Немного погодя появилась Беляна, и книжник враз прикрутил фитиль своего красноречия. Впрочем, босяки болтали и за него, и за меня. Я особо в разговоре участия не принимал, всё больше попивал травяной отвар и поглядывал по сторонам. Известие о том, что кто-то распускает слухи о назначенной за твою голову награде, душевному спокойствию нисколько не способствует — что есть, то есть.
Именно поэтому я и не пропустил короткий, но ожесточённый спор за столом учеников школы Багряных брызг. Главенствовавший у них Веслав поднялся и повёл красотку-разносчицу к лестнице наверх, а его раздосадованный неудачей соперник отправился восвояси, не преминув напоследок с грохотом захлопнуть за собой дверь.
Я посмеялся было про себя, а потом вдруг понял: что-то не так. Совсем-совсем не так. Невесть с чего подумалось, будто после подобного «не так» в переулках Заречной стороны поутру неизменно находили обобранных до нитки покойников, вот только — после чего именно?
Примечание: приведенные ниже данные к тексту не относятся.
lemma test_fn1_has_real_derivative:
  assumes "e \<noteq> 0"
  shows "(test_fn1 e has_real_derivative test_fn2 e x) (at x)"
proof -
  have pos: "e\<^sup>2 + x\<^sup>2 > 0"
    using assms by (simp add: add_pos_nonneg)
  have "(test_fn1 e has_real_derivative
          (e ^ 4 * (e\<^sup>2 + x\<^sup>2)\<^sup>2 - e ^ 4 * x * (2 * (e\<^sup>2 + x\<^sup>2) * (2 * x))) / ((e\<^sup>2 + x\<^sup>2)\<^sup>2)\<^sup>2) (at x)"
    unfolding test_fn1_def using pos mult_pos_pos[OF pos pos]
    by (auto intro!: derivative_eq_intros simp: power2_eq_square algebra_simps)
  moreover have "(e ^ 4 * (e\<^sup>2 + x\<^sup>2)\<^sup>2 - e ^ 4 * x * (2 * (e\<^sup>2 + x\<^sup>2) * (2 * x))) / ((e\<^sup>2 + x\<^sup>2)\<^sup>2)\<^sup>2
                 = test_fn2 e x"
  proof -
    have "e ^ 4 * (e\<^sup>2 + x\<^sup>2)\<^sup>2 - e ^ 4 * x * (2 * (e\<^sup>2 + x\<^sup>2) * (2 * x))
          = (e\<^sup>2 + x\<^sup>2) * (e ^ 4 * (e\<^sup>2 - 3 * x\<^sup>2))"
      by algebra
    moreover have "((e\<^sup>2 + x\<^sup>2)\<^sup>2)\<^sup>2 = (e\<^sup>2 + x\<^sup>2) * (e\<^sup>2 + x\<^sup>2) ^ 3"
      by algebra
    ultimately show ?thesis
      using pos unfolding test_fn2_def by simp
  qed
  ultimately show ?thesis
    by simp
qed

lemma C2_on_interval_test_fn:
  assumes "e \<noteq> 0"
  shows "C2_on_interval (test_fn e) (test_fn1 e) (test_fn2 e)"
proof -
  have "e\<^sup>2 + x\<^sup>2 \<noteq> 0" for x
    using assms by (simp add: add_pos_nonneg)
  then have "continuous_on {-1..1} (test_fn2 e)"
    unfolding test_fn2_def by (intro continuous_intros) auto
  then show ?thesis
    unfolding C2_on_interval_def using assms
    by (auto intro: has_field_derivative_at_within test_fn_has_real_derivative test_fn1_has_real_derivative)
qed

lemma abs_test_fn2_le_1:
  assumes "e \<noteq> 0"
  shows "\<bar>test_fn2 e x\<bar> \<le> 1"
proof -
  define a u where "a = e\<^sup>2" and "u = x\<^sup>2"
  have "a > 0" "u \<ge> 0"
    using assms by (simp_all add: a_def u_def)
  moreover have "(a + u) ^ 3 - a\<^sup>2 * (a - 3 * u) = 6 * a\<^sup>2 * u + 3 * a * u\<^sup>2 + u ^ 3"
    and "(a + u) ^ 3 + a\<^sup>2 * (a - 3 * u) = 2 * a ^ 3 + 3 * a * u\<^sup>2 + u ^ 3"
    by algebra+
  ultimately have "\<bar>a\<^sup>2 * (a - 3 * u)\<bar> \<le> (a + u) ^ 3"
    by (smt (verit) zero_le_power zero_le_mult_iff)
  moreover have "(a + u) ^ 3 > 0"
    using \<open>a > 0\<close> \<open>u \<ge> 0\<close> by simp
  moreover have "test_fn2 e x = a\<^sup>2 * (a - 3 * u) / (a + u) ^ 3"
    by (simp add: test_fn2_def a_def u_def flip: power_mult)
  ultimately show ?thesis
    by (simp add: abs_divide)
qed

lemma test_fn_nonpos:
  assumes "e > 0" and "x \<le> 0"
  shows "test_fn e x \<le> 0"
proof -
  have pos: "e\<^sup>2 + x\<^sup>2 > 0"
    using assms by (simp add: add_pos_nonneg)
  have "2 * (e * \<bar>x\<bar>) \<le> e\<^sup>2 + x\<^sup>2"
    using sum_squares_bound[of e "\<bar>x\<bar>"] by simp
  then have "(e * \<bar>x\<bar>) * (e * \<bar>x\<bar>) \<le> (e * \<bar>x\<bar>) * (2 * (e\<^sup>2 + x\<^sup>2))"
    using assms(1) pos by (intro mult_left_mono) auto
  then have "e\<^sup>2 * x\<^sup>2 / (2 * (e\<^sup>2 + x\<^sup>2)) \<le> e * \<bar>x\<bar>"
    using pos by (simp add: divide_le_eq power2_eq_square algebra_simps)
  then show ?thesis
    using assms(2) unfolding test_fn_def by simp
qed

lemma test_fn_nonneg:
  assumes "e \<ge> 0" and "x \<ge> 0"
  shows "test_fn e x \<ge> 0"
  using assms unfolding test_fn_def by simp

lemma abs_test_fn_minus_quadratic_le:
  assumes "e \<noteq> 0"
  shows "\<bar>test_fn e x - (e * x + x\<^sup>2 / 2)\<bar> \<le> x\<^sup>2 / 2"
proof -
  have pos: "e\<^sup>2 + x\<^sup>2 > 0"
    using assms by (simp add: add_pos_nonneg)
  have "e\<^sup>2 * x\<^sup>2 / (2 * (e\<^sup>2 + x\<^sup>2)) \<le> x\<^sup>2 / 2"
    using pos by (simp add: field_simps)
  then show ?thesis
    using pos unfolding test_fn_def by simp
qed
Сосредоточился на этом и вдруг сообразил, что вслед за Радимом на улицу вышли залётные молодчики, коих вроде бы прежде тут не встречал.
Совпадение? А если нет?
Терять время и звать кого-то с собой я не стал, выскочил из-за стола и поспешил на выход. Распахнул дверь и в сгустившихся сумерках увидел, как нагоняют одну шаткую тень два быстрых и резких силуэта, тогда сунул пальцы в рот и свистнул.
Все трое остановились и оглянулись. Ученик школы Багряных брызг оказался не таким уж простаком и сразу прижался спиной к стене. Руки у него загорелись багрянцем, но нет — парочка молодчиков прошла мимо и скрылась за углом, на него даже не глянув. Радим мигом отлип от дома и поспешил обратно в кабак. Скомканно поблагодарив меня, ввалился внутрь и присоединился к соученикам, а вот я возвращаться в зал уже не стал: Дарьян дозрел и потянул всех в свой расчудесный подвальчик.
Это была воистину мерзкая дыра: тёмная, сырая, с затхлым воздухом, липкими от пролитого пива столами, заплёванным полом, мухами и плесневелыми стенами.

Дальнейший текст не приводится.